▶ **RECORDED INFORMATION**
◇ ◇ ◇ ◇ ◇ ◇ ◇

lemma feedthrough_block_diag_imp_block_diag:
  assumes "feedthrough_block_diag ps ms H"
    and "\<forall>k < sum_list ps. \<forall>l < sum_list ms. degree (R k l) < degree d"
    and "\<forall>k < sum_list ps. \<forall>l < sum_list ms.
      \<forall>\<^sub>F s in cofinite. H s $$ (k, l) = cpoly (R k l) s / cpoly d s + of_real (c k l)"
  shows "block_diag ps ms (mat (sum_list ps) (sum_list ms) (\<lambda>(k, l). c k l))"
  unfolding block_diag_def structured_def
proof (intro conjI allI impI)
  fix k l assume kl: "k < sum_list ps" "l < sum_list ms" and "blk ps k \<noteq> blk ms l"
  then have "((\<lambda>s. H s $$ (k, l)) \<longlongrightarrow> 0) at_infinity"
    using assms(1) unfolding feedthrough_block_diag_def by blast
  moreover have "((\<lambda>s. H s $$ (k, l)) \<longlongrightarrow> of_real (c k l)) at_infinity"
    by (rule tendsto_proper_fraction_at_infinity[OF assms(2,3)[rule_format, OF kl]])
  ultimately have "c k l = 0"
    using tendsto_unique[OF trivial_limit_at_infinity] by fastforce
  then show "mat (sum_list ps) (sum_list ms) (\<lambda>(k, l). c k l) $$ (k, l) = 0"
    using kl by simp
qed simp

lemma eventually_mat_eqI:
  assumes "\<And>s. M s \<in> carrier_mat p m"
    and "\<And>k l. k < p \<Longrightarrow> l < m \<Longrightarrow> \<forall>\<^sub>F s in F. M s $$ (k, l) = f s k l"
  shows "\<forall>\<^sub>F s in F. M s = mat p m (\<lambda>(k, l). f s k l)"
proof -
  have "\<forall>\<^sub>F s in F. \<forall>kl \<in> {..<p} \<times> {..<m}. M s $$ kl = f s (fst kl) (snd kl)"
    by (rule eventually_ball_finite) (use assms(2) in auto)
  moreover have "dim_row (M s) = p" and "dim_col (M s) = m" for s
    using assms(1)[of s] by auto
  ultimately show ?thesis
    by (auto elim!: eventually_mono intro!: eq_matI)
qed

lemma tf_structured_imp_realizable:
  assumes "\<forall>i < length ps. Adj i i"
    and "proper_rational_tf ps ms H" and "tf_structured Adj ps ms H"
  shows "structured_realizable Adj ps ms H"
    and "feedthrough_block_diag ps ms H \<Longrightarrow> network_realizable Adj ps ms H"
proof -
  obtain d R c where d: "lead_coeff d = 1" "0 < degree d"
    and deg: "\<forall>k < sum_list ps. \<forall>l < sum_list ms. degree (R k l) < degree d"
    and zero: "\<forall>k < sum_list ps. \<forall>l < sum_list ms. \<not> Adj (blk ps k) (blk ms l) \<longrightarrow>
      R k l = 0 \<and> c k l = 0"
    and H: "\<forall>k < sum_list ps. \<forall>l < sum_list ms.
      \<forall>\<^sub>F s in cofinite. H s $$ (k, l) = cpoly (R k l) s / cpoly d s + of_real (c k l)"
    by (rule tf_structured_common_denominator[OF assms(2,3)]) (rule that)
  have "\<forall>\<^sub>F s in cofinite. H s = mat (sum_list ps) (sum_list ms)
      (\<lambda>(k, l). cpoly (R k l) s / cpoly d s + of_real (c k l))"
    using assms(2) H unfolding proper_rational_tf_def by (intro eventually_mat_eqI) auto
  then have realizes: "realizes (observer_A (sum_list ps) d)
      (observer_B (sum_list ps) (sum_list ms) d R) (observer_C (sum_list ps) d)
      (mat (sum_list ps) (sum_list ms) (\<lambda>(k, l). c k l)) H"
    by (rule realizes_observer_form[OF d(1) deg])
  note structured = observer_form_structured[OF assms(1) d(2) zero]
  have "length (map ((*) (degree d)) ps) = length ps"
    by simp
  note witnesses = this structured(1,2) block_diag_imp_structured[OF structured(3)] structured(4)
    realizes
  show "structured_realizable Adj ps ms H"
    unfolding structured_realizable_def using witnesses assms(1) by blast
  show "network_realizable Adj ps ms H" if "feedthrough_block_diag ps ms H"
    unfolding network_realizable_def
    using witnesses assms(1) structured(3) feedthrough_block_diag_imp_block_diag[OF that deg H]
    by blast
qed
definition gqpe_kraus :: "complex mat \<Rightarrow> real \<Rightarrow> nat \<Rightarrow> real \<Rightarrow> nat \<Rightarrow> complex mat" where
  "gqpe_kraus Obs \<kappa> m \<gamma> j =
     (let d = dim_row Obs; Ot = complex_of_real (1 / \<kappa>) \<cdot>\<^sub>m Obs in
      complex_of_real (gqpe_h m powr (3/2) / gqpe_C m \<gamma>) \<cdot>\<^sub>m
        msum d (\<lambda>l. complex_of_real (ghat \<gamma> (gqpe_grid m l)) \<cdot>\<^sub>m
           mexp ((2 * pi * \<i> * complex_of_real (gqpe_grid m l)) \<cdot>\<^sub>m
                 (complex_of_real (gqpe_grid m j) \<cdot>\<^sub>m 1\<^sub>m d - Ot))) {1..<gqpe_N m})"

definition gqpe_Z :: "nat \<Rightarrow> nat \<Rightarrow> real" where
  "gqpe_Z m j = (if \<bar>gqpe_grid m j\<bar> \<le> 2 then gqpe_grid m j else 0)"

definition gqpe_w :: "real \<Rightarrow> nat \<Rightarrow> nat \<Rightarrow> real" where
  "gqpe_w \<kappa> m j = \<kappa> * gqpe_Z m j"

definition gqpe_channel :: "complex mat \<Rightarrow> real \<Rightarrow> nat \<Rightarrow> real \<Rightarrow> complex mat \<Rightarrow> complex mat" where
  "gqpe_channel Obs \<kappa> m \<gamma> X =
     msum (dim_row Obs) (\<lambda>j. gqpe_kraus Obs \<kappa> m \<gamma> j * X * mat_adjoint (gqpe_kraus Obs \<kappa> m \<gamma> j))
       {0..<gqpe_N m}"

definition gqpe_expect :: "complex mat \<Rightarrow> real \<Rightarrow> nat \<Rightarrow> real \<Rightarrow> complex mat \<Rightarrow> complex" where
  "gqpe_expect Obs \<kappa> m \<gamma> \<rho> =
     (\<Sum>j\<in>{0..<gqpe_N m}. complex_of_real (gqpe_w \<kappa> m j) *
        mtrace (gqpe_kraus Obs \<kappa> m \<gamma> j * \<rho> * mat_adjoint (gqpe_kraus Obs \<kappa> m \<gamma> j)))"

◇ ◇ ◇ ◇ ◇ ◇ ◇

The records need to be reproduced in their entirety, word for word.

▶ **RESULT OF THIS EXERCISE**
lemma feedthrough_block_diag_imp_block_diag:
  assumes "feedthrough_block_diag ps ms H"
    and "\<forall>k < sum_list ps. \<forall>l < sum_list ms. degree (R k l) < degree d"
    and "\<forall>k < sum_list ps. \<forall>l < sum_list ms.
      \<forall>\<^sub>F s in cofinite. H s $$ (k, l) = cpoly (R k l) s / cpoly d s + of_real (c k l)"
  shows "block_diag ps ms (mat (sum_list ps) (sum_list ms) (\<lambda>(k, l). c k l))"
  unfolding block_diag_def structured_def
proof (intro conjI allI impI)
  fix k l assume kl: "k < sum_list ps" "l < sum_list ms" and "blk ps k \<noteq> blk ms l"
  then have "((\<lambda>s. H s $$ (k, l)) \<longlongrightarrow> 0) at_infinity"
    using assms(1) unfolding feedthrough_block_diag_def by blast
  moreover have "((\<lambda>s. H s $$ (k, l)) \<longlongrightarrow> of_real (c k l)) at_infinity"
    by (rule tendsto_proper_fraction_at_infinity[OF assms(2,3)[rule_format, OF kl]])
  ultimately have "c k l = 0"
    using tendsto_unique[OF trivial_limit_at_infinity] by fastforce
  then show "mat (sum_list ps) (sum_list ms) (\<lambda>(k, l). c k l) $$ (k, l) = 0"
    using kl by simp
qed simp

lemma eventually_mat_eqI:
  assumes "\<And>s. M s \<in> carrier_mat p m"
    and "\<And>k l. k < p \<Longrightarrow> l < m \<Longrightarrow> \<forall>\<^sub>F s in F. M s $$ (k, l) = f s k l"
  shows "\<forall>\<^sub>F s in F. M s = mat p m (\<lambda>(k, l). f s k l)"
proof -
  have "\<forall>\<^sub>F s in F. \<forall>kl \<in> {..<p} \<times> {..<m}. M s $$ kl = f s (fst kl) (snd kl)"
    by (rule eventually_ball_finite) (use assms(2) in auto)
  moreover have "dim_row (M s) = p" and "dim_col (M s) = m" for s
    using assms(1)[of s] by auto
  ultimately show ?thesis
    by (auto elim!: eventually_mono intro!: eq_matI)
qed

lemma tf_structured_imp_realizable:
  assumes "\<forall>i < length ps. Adj i i"
    and "proper_rational_tf ps ms H" and "tf_structured Adj ps ms H"
  shows "structured_realizable Adj ps ms H"
    and "feedthrough_block_diag ps ms H \<Longrightarrow> network_realizable Adj ps ms H"
proof -
  obtain d R c where d: "lead_coeff d = 1" "0 < degree d"
    and deg: "\<forall>k < sum_list ps. \<forall>l < sum_list ms. degree (R k l) < degree d"
    and zero: "\<forall>k < sum_list ps. \<forall>l < sum_list ms. \<not> Adj (blk ps k) (blk ms l) \<longrightarrow>
      R k l = 0 \<and> c k l = 0"
    and H: "\<forall>k < sum_list ps. \<forall>l < sum_list ms.
      \<forall>\<^sub>F s in cofinite. H s $$ (k, l) = cpoly (R k l) s / cpoly d s + of_real (c k l)"
    by (rule tf_structured_common_denominator[OF assms(2,3)]) (rule that)
  have "\<forall>\<^sub>F s in cofinite. H s = mat (sum_list ps) (sum_list ms)
      (\<lambda>(k, l). cpoly (R k l) s / cpoly d s + of_real (c k l))"
    using assms(2) H unfolding proper_rational_tf_def by (intro eventually_mat_eqI) auto
  then have realizes: "realizes (observer_A (sum_list ps) d)
      (observer_B (sum_list ps) (sum_list ms) d R) (observer_C (sum_list ps) d)
      (mat (sum_list ps) (sum_list ms) (\<lambda>(k, l). c k l)) H"
    by (rule realizes_observer_form[OF d(1) deg])
  note structured = observer_form_structured[OF assms(1) d(2) zero]
  have "length (map ((*) (degree d)) ps) = length ps"
    by simp
  note witnesses = this structured(1,2) block_diag_imp_structured[OF structured(3)] structured(4)
    realizes
  show "structured_realizable Adj ps ms H"
    unfolding structured_realizable_def using witnesses assms(1) by blast
  show "network_realizable Adj ps ms H" if "feedthrough_block_diag ps ms H"
    unfolding network_realizable_def
    using witnesses assms(1) structured(3) feedthrough_block_diag_imp_block_diag[OF that deg H]
    by blast
qed
definition gqpe_kraus :: "complex mat \<Rightarrow> real \<Rightarrow> nat \<Rightarrow> real \<Rightarrow> nat \<Rightarrow> complex mat" where
  "gqpe_kraus Obs \<kappa> m \<gamma> j =
     (let d = dim_row Obs; Ot = complex_of_real (1 / \<kappa>) \<cdot>\<^sub>m Obs in
      complex_of_real (gqpe_h m powr (3/2) / gqpe_C m \<gamma>) \<cdot>\<^sub>m
        msum d (\<lambda>l. complex_of_real (ghat \<gamma> (gqpe_grid m l)) \<cdot>\<^sub>m
           mexp ((2 * pi * \<i> * complex_of_real (gqpe_grid m l)) \<cdot>\<^sub>m
                 (complex_of_real (gqpe_grid m j) \<cdot>\<^sub>m 1\<^sub>m d - Ot))) {1..<gqpe_N m})"

definition gqpe_Z :: "nat \<Rightarrow> nat \<Rightarrow> real" where
  "gqpe_Z m j = (if \<bar>gqpe_grid m j\<bar> \<le> 2 then gqpe_grid m j else 0)"

definition gqpe_w :: "real \<Rightarrow> nat \<Rightarrow> nat \<Rightarrow> real" where
  "gqpe_w \<kappa> m j = \<kappa> * gqpe_Z m j"

definition gqpe_channel :: "complex mat \<Rightarrow> real \<Rightarrow> nat \<Rightarrow> real \<Rightarrow> complex mat \<Rightarrow> complex mat" where
  "gqpe_channel Obs \<kappa> m \<gamma> X =
     msum (dim_row Obs) (\<lambda>j. gqpe_kraus Obs \<kappa> m \<gamma> j * X * mat_adjoint (gqpe_kraus Obs \<kappa> m \<gamma> j))
       {0..<gqpe_N m}"

definition gqpe_expect :: "complex mat \<Rightarrow> real \<Rightarrow> nat \<Rightarrow> real \<Rightarrow> complex mat \<Rightarrow> complex" where
  "gqpe_expect Obs \<kappa> m \<gamma> \<rho> =
     (\<Sum>j\<in>{0..<gqpe_N m}. complex_of_real (gqpe_w \<kappa> m j) *
        mtrace (gqpe_kraus Obs \<kappa> m \<gamma> j * \<rho> * mat_adjoint (gqpe_kraus Obs \<kappa> m \<gamma> j)))"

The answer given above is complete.